[Collected data]
= = =

(* Let $1\le n<L$ and all rates $p_k,q_k>0$. For $1\le i\le n$, the total horizontal stationary current of the $\bullet$ in row $i$ is $$J_\bullet(i)=(p_1\cdots p_n-q_1\cdots q_n)\,\frac{Z_{L-1,n}}{Z_{L,n}}.$$
   Context: Particle labels/rows are taken modulo $n$, positions/columns modulo $L$. $\Omega_{L,n}$ is the set of words $w_1\cdots w_L$ on the ring $\mathbb{Z}/L\mathbb{Z}$ over the alphabet $\{\bullet_1,\dots,\bullet_n,\Box_1,\dots,\Box_n\}$ in which each $\bullet_k$ occurs exactly once, the $\bullet_1,\dots,\bullet_n$ appear in this cyclic order, and the remaining $L-n$ letters are arbitrary $\Box_i$'s. Transitions (displayed segments are consecutive positions, rest unchanged, $C$ a possibly empty word in the $\Box$-letters): (T1) $\bullet_k\Box_i \to \Box_i\bullet_k$ at rate $p_k$, if $i\neq k$; (T2) $\bullet_{k-1}\,C\,\bullet_k\Box_k \to \bullet_{k-1}\Box_{k-1}\,C\,\bullet_k$ at rate $p_k$; (T3) $\Box_i\bullet_k \to \bullet_k\Box_i$ at rate $q_k$, if $i\neq k$; (T4) $\Box_k\bullet_k\,C\,\bullet_{k+1} \to \bullet_k\,C\,\Box_{k+1}\bullet_{k+1}$ at rate $q_k$. $\mathcal{A}_{L,n}$ is the set of arrays with $n$ rows and $L$ columns, entries in $\{\cdot,\bullet,\Box\}$, identified with $\Omega_{L,n}$ via: column $j$ has a $\bullet$ (resp. $\Box$) in row $k$ and $\cdot$ elsewhere iff $w_j=\bullet_k$ (resp. $\Box_k$); it carries the transported dynamics. $\tau_{i,j}$ (resp. $\eta_{i,j}$) is the indicator that site (row $i$, column $j$) holds a $\bullet$ (resp. $\Box$); $\langle\cdot\rangle$ is expectation under the unique stationary distribution. Define $J_\bullet(i,j)=p_i\langle\tau_{i,j}\sum_{k=1}^n\eta_{k,j+1}\rangle-q_i\langle\tau_{i,j+1}\sum_{k=1}^n\eta_{k,j}\rangle$ and $J_\bullet(i)=\sum_{j=1}^L J_\bullet(i,j)$. Weights: for $i,k\in\{1,\dots,n\}$, $w_\Box(i,k)=p_1\cdots p_{i-1}q_{i+1}\cdots q_kp_{k+1}\cdots p_n$ if $i\le k$ and $w_\Box(i,k)=q_1\cdots q_kp_{k+1}\cdots p_{i-1}q_{i+1}\cdots q_n$ if $k<i$ (empty products are $1$). For a word let $b_k$ be the position of $\bullet_k$ and $C_k$ the positions strictly between $b_k$ and $b_{k+1}$ cyclically forward ($b_{n+1}=b_1$); $\mathrm{wt}(w)=\prod_k\prod_{j\in C_k}w_\Box(i_j,k)$ with $w_j=\Box_{i_j}$. For $L'\ge n$, $Z_{L',n}=\sum\mathrm{wt}(w)$ over $w\in\Omega_{L',n}$ with $w_1=\bullet_1$. *)

theory Defs
  imports Complex_Main
begin

text \<open>Letters: Ball k is the particle of species k, Box i is a hole of type i
  (labels in 1..n). A word of length L is a list; position j (0-based) is column j+1
  of the paper; positions are read modulo L.\<close>

datatype letter = Ball nat | Box nat

definition nxt :: "nat \<Rightarrow> nat \<Rightarrow> nat" where
  "nxt n k = (if k = n then 1 else k + 1)"

definition prv :: "nat \<Rightarrow> nat \<Rightarrow> nat" where
  "prv n k = (if k = 1 then n else k - 1)"

text \<open>Cyclic forward distance from a to b on Z/LZ, with values in 1..L
  (distance L when a = b).\<close>
definition fwd :: "nat \<Rightarrow> nat \<Rightarrow> nat \<Rightarrow> nat" where
  "fwd L a b = ((b + L - a - 1) mod L) + 1"

definition bpos :: "letter list \<Rightarrow> nat \<Rightarrow> nat" where
  "bpos w k = (THE j. j < length w \<and> w ! j = Ball k)"

definition is_ball :: "letter \<Rightarrow> bool" where
  "is_ball x = (\<exists>k. x = Ball k)"

definition gapC :: "nat \<Rightarrow> letter list \<Rightarrow> nat \<Rightarrow> nat set" where
  "gapC n w k = {j. j < length w \<and>
      fwd (length w) (bpos w k) j < fwd (length w) (bpos w k) (bpos w (nxt n k))}"

definition Omega :: "nat \<Rightarrow> nat \<Rightarrow> letter list set" where
  "Omega L n = {w. length w = L
     \<and> (\<forall>j<L. (\<exists>k\<in>{1..n}. w ! j = Ball k) \<or> (\<exists>i\<in>{1..n}. w ! j = Box i))
     \<and> (\<forall>k\<in>{1..n}. \<exists>!j. j < L \<and> w ! j = Ball k)
     \<and> (\<forall>k\<in>{1..n}. \<forall>j\<in>gapC n w k. \<not> is_ball (w ! j))}"

definition swap_pos :: "letter list \<Rightarrow> nat \<Rightarrow> nat \<Rightarrow> letter list" where
  "swap_pos w a c = w[a := w ! c, c := w ! a]"

text \<open>(T2): bullet_{k-1} C bullet_k Box_k  ->  bullet_{k-1} Box_{k-1} C bullet_k\<close>
definition t2 :: "nat \<Rightarrow> letter list \<Rightarrow> nat \<Rightarrow> letter list" where
  "t2 n w k = (let L = length w; bk = bpos w k; bp = bpos w (prv n k); g = fwd L bp bk in
     map (\<lambda>j. if j = (bk + 1) mod L then Ball k
              else if j = (bp + 1) mod L then Box (prv n k)
              else if 2 \<le> fwd L bp j \<and> fwd L bp j \<le> g then w ! ((j + L - 1) mod L)
              else w ! j) [0..<L])"

text \<open>(T4): Box_k bullet_k C bullet_{k+1}  ->  bullet_k C Box_{k+1} bullet_{k+1}\<close>
definition t4 :: "nat \<Rightarrow> letter list \<Rightarrow> nat \<Rightarrow> letter list" where
  "t4 n w k = (let L = length w; bk = bpos w k; bn = bpos w (nxt n k); g = fwd L bk bn in
     map (\<lambda>j. if j = (bk + L - 1) mod L then Ball k
              else if j = (bn + L - 1) mod L then Box (nxt n k)
              else if j = bk \<or> fwd L bk j + 2 \<le> g then w ! ((j + 1) mod L)
              else w ! j) [0..<L])"

text \<open>Moves of the ball k to the right ((T1)/(T2), rate p k) and to the left ((T3)/(T4), rate q k).\<close>
definition right_moves :: "nat \<Rightarrow> (nat \<Rightarrow> real) \<Rightarrow> letter list \<Rightarrow> nat \<Rightarrow> (real \<times> letter list) list" where
  "right_moves n p w k = (let L = length w; b = bpos w k; j = (b + 1) mod L in
     (case w ! j of Box i \<Rightarrow> (if i \<noteq> k then [(p k, swap_pos w b j)] else [(p k, t2 n w k)])
                  | Ball _ \<Rightarrow> []))"

definition left_moves :: "nat \<Rightarrow> (nat \<Rightarrow> real) \<Rightarrow> letter list \<Rightarrow> nat \<Rightarrow> (real \<times> letter list) list" where
  "left_moves n q w k = (let L = length w; b = bpos w k; j = (b + L - 1) mod L in
     (case w ! j of Box i \<Rightarrow> (if i \<noteq> k then [(q k, swap_pos w b j)] else [(q k, t4 n w k)])
                  | Ball _ \<Rightarrow> []))"

definition moves :: "nat \<Rightarrow> (nat \<Rightarrow> real) \<Rightarrow> (nat \<Rightarrow> real) \<Rightarrow> letter list \<Rightarrow> (real \<times> letter list) list" where
  "moves n p q w = concat (map (\<lambda>k. right_moves n p w k @ left_moves n q w k) [1..<n+1])"

definition rate :: "nat \<Rightarrow> (nat \<Rightarrow> real) \<Rightarrow> (nat \<Rightarrow> real) \<Rightarrow> letter list \<Rightarrow> letter list \<Rightarrow> real" where
  "rate n p q w w' = sum_list (map fst (filter (\<lambda>m. snd m = w') (moves n p q w)))"

definition out_rate :: "nat \<Rightarrow> (nat \<Rightarrow> real) \<Rightarrow> (nat \<Rightarrow> real) \<Rightarrow> letter list \<Rightarrow> real" where
  "out_rate n p q w = sum_list (map fst (moves n p q w))"

definition stationary :: "nat \<Rightarrow> nat \<Rightarrow> (nat \<Rightarrow> real) \<Rightarrow> (nat \<Rightarrow> real) \<Rightarrow> (letter list \<Rightarrow> real) \<Rightarrow> bool" where
  "stationary L n p q \<pi> =
     ((\<forall>w\<in>Omega L n. 0 \<le> \<pi> w) \<and> (\<Sum>w\<in>Omega L n. \<pi> w) = 1 \<and>
      (\<forall>w\<in>Omega L n. (\<Sum>w'\<in>Omega L n. \<pi> w' * rate n p q w' w) = \<pi> w * out_rate n p q w))"

definition expect :: "nat \<Rightarrow> nat \<Rightarrow> (letter list \<Rightarrow> real) \<Rightarrow> (letter list \<Rightarrow> real) \<Rightarrow> real" where
  "expect L n \<pi> f = (\<Sum>w\<in>Omega L n. \<pi> w * f w)"

text \<open>tau i j: row i column j holds a bullet; sum over k of eta k j: column j holds a box.\<close>
definition tau :: "nat \<Rightarrow> nat \<Rightarrow> letter list \<Rightarrow> real" where
  "tau i j w = (if w ! j = Ball i then 1 else 0)"

definition eta :: "nat \<Rightarrow> nat \<Rightarrow> letter list \<Rightarrow> real" where
  "eta k j w = (if w ! j = Box k then 1 else 0)"

definition Jball_ij :: "nat \<Rightarrow> nat \<Rightarrow> (nat \<Rightarrow> real) \<Rightarrow> (nat \<Rightarrow> real) \<Rightarrow> (letter list \<Rightarrow> real) \<Rightarrow> nat \<Rightarrow> nat \<Rightarrow> real" where
  "Jball_ij L n p q \<pi> i j =
     p i * expect L n \<pi> (\<lambda>w. tau i j w * (\<Sum>k=1..n. eta k ((j + 1) mod L) w))
   - q i * expect L n \<pi> (\<lambda>w. tau i ((j + 1) mod L) w * (\<Sum>k=1..n. eta k j w))"

definition Jball :: "nat \<Rightarrow> nat \<Rightarrow> (nat \<Rightarrow> real) \<Rightarrow> (nat \<Rightarrow> real) \<Rightarrow> (letter list \<Rightarrow> real) \<Rightarrow> nat \<Rightarrow> real" where
  "Jball L n p q \<pi> i = (\<Sum>j<L. Jball_ij L n p q \<pi> i j)"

= = =

▸ **EXERCISE GOAL**: Every line of the entries above that contains the word "case" must be tallied, and the number alone reported.

▸ **OUTPUT OF THE EXERCISE**: 2